>>>
lemma first_integral_darboux_quotient:
  fixes F G Fx Fy Gx Gy P Q k :: "real \<times> real \<Rightarrow> real"
  assumes dF: "\<And>z. z \<in> U \<Longrightarrow> (F has_derivative (\<lambda>h. Fx z * fst h + Fy z * snd h)) (at z)"
    and dG: "\<And>z. z \<in> U \<Longrightarrow> (G has_derivative (\<lambda>h. Gx z * fst h + Gy z * snd h)) (at z)"
    and cont: "continuous_on U Fx" "continuous_on U Fy" "continuous_on U Gx" "continuous_on U Gy"
    and G_nz: "\<And>z. z \<in> U \<Longrightarrow> G z \<noteq> 0"
    and cofactor_F: "\<And>z. z \<in> U \<Longrightarrow> P z * Fx z + Q z * Fy z = k z * F z"
    and cofactor_G: "\<And>z. z \<in> U \<Longrightarrow> P z * Gx z + Q z * Gy z = k z * G z"
    and not_proportional: "\<And>V c. open V \<Longrightarrow> V \<noteq> {} \<Longrightarrow> V \<subseteq> U \<Longrightarrow> \<exists>z\<in>V. F z \<noteq> c * G z"
  shows "first_integral P Q U (\<lambda>z. F z / G z)"
  unfolding first_integral_def
proof (intro conjI exI allI impI ballI notI)
  define Hx where "Hx z = (Fx z * G z - F z * Gx z) / (G z * G z)" for z
  define Hy where "Hy z = (Fy z * G z - F z * Gy z) / (G z * G z)" for z
  show "((\<lambda>z. F z / G z) has_derivative (\<lambda>h. Hx z * fst h + Hy z * snd h)) (at z)" if "z \<in> U" for z
    by (rule has_derivative_eq_rhs[OF has_derivative_divide'[OF dF[OF that] dG[OF that] G_nz[OF that]]])
       (use G_nz[OF that] in \<open>auto simp: fun_eq_iff Hx_def Hy_def field_simps\<close>)
  have "continuous_on U F" "continuous_on U G"
    using dF dG by (auto intro!: continuous_at_imp_continuous_on has_derivative_continuous)
  then show "continuous_on U Hx" "continuous_on U Hy"
    unfolding Hx_def Hy_def using cont G_nz by (auto intro!: continuous_intros)
  show "P z * Hx z + Q z * Hy z = 0" if "z \<in> U" for z
  proof -
    have "P z * Hx z + Q z * Hy z
        = (G z * (P z * Fx z + Q z * Fy z) - F z * (P z * Gx z + Q z * Gy z)) / (G z * G z)"
      by (simp add: Hx_def Hy_def add_divide_distrib diff_divide_distrib algebra_simps)
    then show ?thesis using cofactor_F[OF that] cofactor_G[OF that] by simp
  qed
next
  fix V assume V: "open V \<and> V \<noteq> {} \<and> V \<subseteq> U" and "\<exists>c. \<forall>z\<in>V. F z / G z = c"
  then obtain c where "\<forall>z\<in>V. F z / G z = c" by blast
  moreover have "G z \<noteq> 0" if "z \<in> V" for z using V G_nz that by blast
  ultimately have "\<forall>z\<in>V. F z = c * G z" by (simp add: divide_eq_eq)
  with not_proportional V show False by blast
qed

theorem mainTheorem10:
  fixes n :: real and Om L :: "real poly" and I :: "real set"
  assumes "Om \<noteq> 0" and "degree Om \<le> 2" and "degree L \<le> 1"
    and "open I" and "connected I" and "I \<noteq> {}"
    and "\<forall>x\<in>I. poly Om x \<noteq> 0"
  shows "(\<forall>p. is_sol Om L n I p \<longrightarrow>
            (\<forall>x\<in>I. \<forall>y::real.
               poly Om x * deriv (\<lambda>t. fp Om L p t y) x
               + Qsys Om L n x y * deriv (\<lambda>s. fp Om L p x s) y
               = (y + poly L x) * fp Om L p x y))
       \<and> (\<forall>p1 p2. fundamental_system Om L n I p1 p2 \<longrightarrow>
            first_integral (\<lambda>(x, y). poly Om x) (\<lambda>(x, y). Qsys Om L n x y)
              {(x, y). x \<in> I \<and> fp Om L p2 x y \<noteq> 0}
              (\<lambda>(x, y). fp Om L p1 x y / fp Om L p2 x y))"
proof (intro conjI allI impI ballI)
  fix p x y assume p: "is_sol Om L n I p" and "x \<in> I"
  then have "C2_on I p" by (simp add: is_sol_def)
  with fp_darboux[OF p \<open>x \<in> I\<close>] show "poly Om x * deriv (\<lambda>t. fp Om L p t y) x
      + Qsys Om L n x y * deriv (\<lambda>s. fp Om L p x s) y = (y + poly L x) * fp Om L p x y"
    by (simp add: DERIV_imp_deriv[OF fp_has_real_derivative_x[OF _ \<open>x \<in> I\<close>]]
        DERIV_imp_deriv[OF fp_has_real_derivative_y])
next
  fix p1 p2 assume fs: "fundamental_system Om L n I p1 p2"
  then have sols: "is_sol Om L n I p1" "is_sol Om L n I p2"
    by (simp_all add: fundamental_system_def)
  then have C2: "C2_on I p1" "C2_on I p2" by (simp_all add: is_sol_def)
  let ?U = "{z. fst z \<in> I \<and> fp Om L p2 (fst z) (snd z) \<noteq> 0}"
  have U: "?U \<subseteq> {z. fst z \<in> I}" by auto
  have "first_integral (\<lambda>z. poly Om (fst z)) (\<lambda>z. Qsys Om L n (fst z) (snd z)) ?U
      (\<lambda>z. fp Om L p1 (fst z) (snd z) / fp Om L p2 (fst z) (snd z))"
  proof (rule first_integral_darboux_quotient[OF fp_has_derivative[OF C2(1)] fp_has_derivative[OF C2(2)]
        continuous_on_subset[OF continuous_on_fp_x[OF C2(1)] U]
        continuous_on_subset[OF continuous_on_fst_compose[OF C2_on_continuous_on(1)[OF C2(1)]] U]
        continuous_on_subset[OF continuous_on_fp_x[OF C2(2)] U]
        continuous_on_subset[OF continuous_on_fst_compose[OF C2_on_continuous_on(1)[OF C2(2)]] U]])
    fix V c assume "open V" "V \<noteq> {}" "V \<subseteq> ?U"
    with U show "\<exists>z\<in>V. fp Om L p1 (fst z) (snd z) \<noteq> c * fp Om L p2 (fst z) (snd z)"
      by (intro fp_not_locally_proportional[OF assms(4,5,7) fs]) auto
  qed (use fp_darboux[OF sols(1)] fp_darboux[OF sols(2)] in auto)
  then show "first_integral (\<lambda>(x, y). poly Om x) (\<lambda>(x, y). Qsys Om L n x y)
      {(x, y). x \<in> I \<and> fp Om L p2 x y \<noteq> 0} (\<lambda>(x, y). fp Om L p1 x y / fp Om L p2 x y)"
    by (simp add: case_prod_unfold)
qed

end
<<<
* **GOAL OF THE EXERCISE**:
Begin with the line that has "unfolding Hx_def Hy_def" in the listing above and end after the line that has "(P z * Fx z"; output those lines exactly.

* **WRITTEN ANSWER**:
    unfolding Hx_def Hy_def using cont G_nz by (auto intro!: continuous_intros)
  show "P z * Hx z + Q z * Hy z = 0" if "z \<in> U" for z
  proof -
    have "P z * Hx z + Q z * Hy z
        = (G z * (P z * Fx z + Q z * Fy z) - F z * (P z * Gx z + Q z * Gy z)) / (G z * G z)"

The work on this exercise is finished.